Abstract
Background
Enterocytozoon bieneusi and Giardia duodenalis are common human and animal pathogens. Studies have increasingly shown that non-human primates (NHPs) are common hosts of these two zoonotic parasites. However, few studies have explored the genetic diversity and public health potential of these pathogens in laboratory monkeys. In this study, we examined the genetic diversity of the two pathogens in crab-eating macaques (Macaca fascicularis) in a commercial facility in Hainan, China.
Results
Enterocytozoon bieneusi and G. duodenalis were detected by PCR analysis in 461/1452 (31.7%) and 469/1452 (32.3%) fecal specimens from the animals, respectively. Significantly higher detection rates of E. bieneusi were detected in males (36.5%, 258/706) than in females (26.7%, 160/599; χ2 = 14.391, P = 0.0001), in animals with loose stools (41.4%, 151/365) than those with normal stool (28.5%, 310/1087; χ2 = 20.83, P < 0.0001), and in animals of over 3 years of age (38.6%, 135/350) than those of 1–3 years (29.6%, 326/1,102; χ2 = 9.90, P = 0.0016).

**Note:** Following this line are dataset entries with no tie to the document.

lemma polar_adj_polar_pow:
  assumes "c \<in> bidegree_space n a b"
  shows "polar_adj n ((polar n ^^ Suc m) c) = (\<lambda>p. (polar n ^^ Suc m) (polar_adj n c) p
           + of_int ((int m + 1) * (int a - int b - int m)) * (polar n ^^ m) c p)"
proof (induction m)
  case 0
  then show ?case using polar_adj_polar[OF assms] by simp
next
  case (Suc m)
  define s :: complex where "s = of_int ((int m + 1) * (int a - int b - int m))"
  define t :: complex where "t = of_int (int a - int b - 2 * (int m + 1))"
  have step: "polar_adj n (polar n ((polar n ^^ Suc m) c))
      = (\<lambda>p. polar n (polar_adj n ((polar n ^^ Suc m) c)) p + t * (polar n ^^ Suc m) c p)"
  proof (cases "a < Suc m")
    case True
    then have "(polar n ^^ Suc m) c = (\<lambda>p. 0)" by (rule polar_pow_vanishes[OF assms])
    then show ?thesis by simp
  next
    case False
    with polar_adj_polar[OF polar_pow_in_bidegree_space[OF assms, of "Suc m"]]
    show ?thesis by (simp add: t_def of_nat_diff algebra_simps)
  qed
  have sum_st: "s + t = of_int ((int (Suc m) + 1) * (int a - int b - int (Suc m)))"
    unfolding s_def t_def of_int_add[symmetric] by (simp add: algebra_simps)
  have "polar_adj n ((polar n ^^ Suc (Suc m)) c) = polar_adj n (polar n ((polar n ^^ Suc m) c))"
    by simp
  also have "\<dots> = (\<lambda>p. polar n (polar_adj n ((polar n ^^ Suc m) c)) p + t * (polar n ^^ Suc m) c p)"
    by (rule step)
  also have "\<dots> = (\<lambda>p. polar n (\<lambda>q. (polar n ^^ Suc m) (polar_adj n c) q + s * (polar n ^^ m) c q) p
      + t * (polar n ^^ Suc m) c p)"
    by (simp only: Suc.IH s_def)
  also have "\<dots> = (\<lambda>p. (polar n ^^ Suc (Suc m)) (polar_adj n c) p + (s + t) * (polar n ^^ Suc m) c p)"
    by (simp add: polar_lincomb distrib_right add.assoc)
  finally show ?case by (simp only: sum_st)
qed

section \<open>The Bombieri inner product\<close>

definition monomial_pairs :: "nat \<Rightarrow> nat \<Rightarrow> ((nat \<Rightarrow> nat) \<times> (nat \<Rightarrow> nat)) set" where
  "monomial_pairs n D = {(A, B). (\<forall>j>n. A j = 0) \<and> (\<forall>j>n. B j = 0) \<and> (\<Sum>j\<le>n. A j) + (\<Sum>j\<le>n. B j) = D}"

text \<open>The Bombieri inner product \<open>\<langle>x\<^bsup>A\<^esup> \<otimes> x\<^bsup>B\<^esup>, x\<^bsup>A\<^esup> \<otimes> x\<^bsup>B\<^esup>\<rangle> = A! B!\<close>, for which
  multiplication by \<open>x\<^sub>j\<close> is adjoint to \<open>\<partial>\<^sub>j\<close>.\<close>

definition fact_weight :: "nat \<Rightarrow> (nat \<Rightarrow> nat) \<times> (nat \<Rightarrow> nat) \<Rightarrow> real" where
  "fact_weight n p = (\<Prod>j\<le>n. fact (fst p j)) * (\<Prod>j\<le>n. fact (snd p j))"

definition fact_inner :: "nat \<Rightarrow> nat \<Rightarrow> bitensor \<Rightarrow> bitensor \<Rightarrow> complex" where
  "fact_inner n D x y = (\<Sum>p\<in>monomial_pairs n D. of_real (fact_weight n p) * x p * cnj (y p))"

definition fact_norm2 :: "nat \<Rightarrow> nat \<Rightarrow> bitensor \<Rightarrow> real" where
  "fact_norm2 n D c = (\<Sum>p\<in>monomial_pairs n D. fact_weight n p * (cmod (c p))\<^sup>2)"

lemma finite_monomial_pairs: "finite (monomial_pairs n D)"
proof (rule finite_subset)
  show "monomial_pairs n D \<subseteq> (\<Union>a\<le>D. multi_idx n a) \<times> (\<Union>b\<le>D. multi_idx n b)"
    by (auto simp: monomial_pairs_def multi_idx_def)
qed (simp add: finite_multi_idx)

For G. duodenalis, the detection rate in males (33.4%, 236/706) was higher than in females but not statistically significant (30.2%, 181/599; χ2 = 1.54, P = 0.2152), in monkeys with loose stools (41.1%, 150/365) than those with normal stools (29.3%, 319/1087; χ2 = 17.25, P < 0.0001), and in monkeys of 1–3 years of age (36.6%, 403/1102) than those over 3 years (18.9%, 66/350; χ2 = 38.11, P < 0.0001). Nine E. bieneusi genotypes were detected in this study by DNA sequence analysis of the internal transcribed spacer of the rRNA gene, namely Type IV (236/461), Peru8 (42/461), Pongo2 (27/461), Peru11 (12/461), D (4/461) and PigEbITS7 (1/461) previously seen in NHPs as well as humans, and CM1 (119/461), CM2 (17/461) and CM3 (3/461) that had been only detected in NHPs. DNA sequence analyses of the tpi, gdh and bg loci identified all G. duodenalis specimens as having assemblage B. Altogether, eight (4 known and 4 new), seven (6 known and 1 new) and seven (4 known and 3 new) subtypes were seen at the tpi, gdh and bg loci, leading to the detection of 53 multi-locus genotypes (MLG-B-hn01 to MLG-B-hn53). Most of them were genetically related to those previously seen in common Old-World monkeys.
Conclusions
Data from this study indicate a common occurrence of zoonotic genotypes of E. bieneusi and assemblage B of G. duodenalis in farmed crab-eating macaques in Hainan, China.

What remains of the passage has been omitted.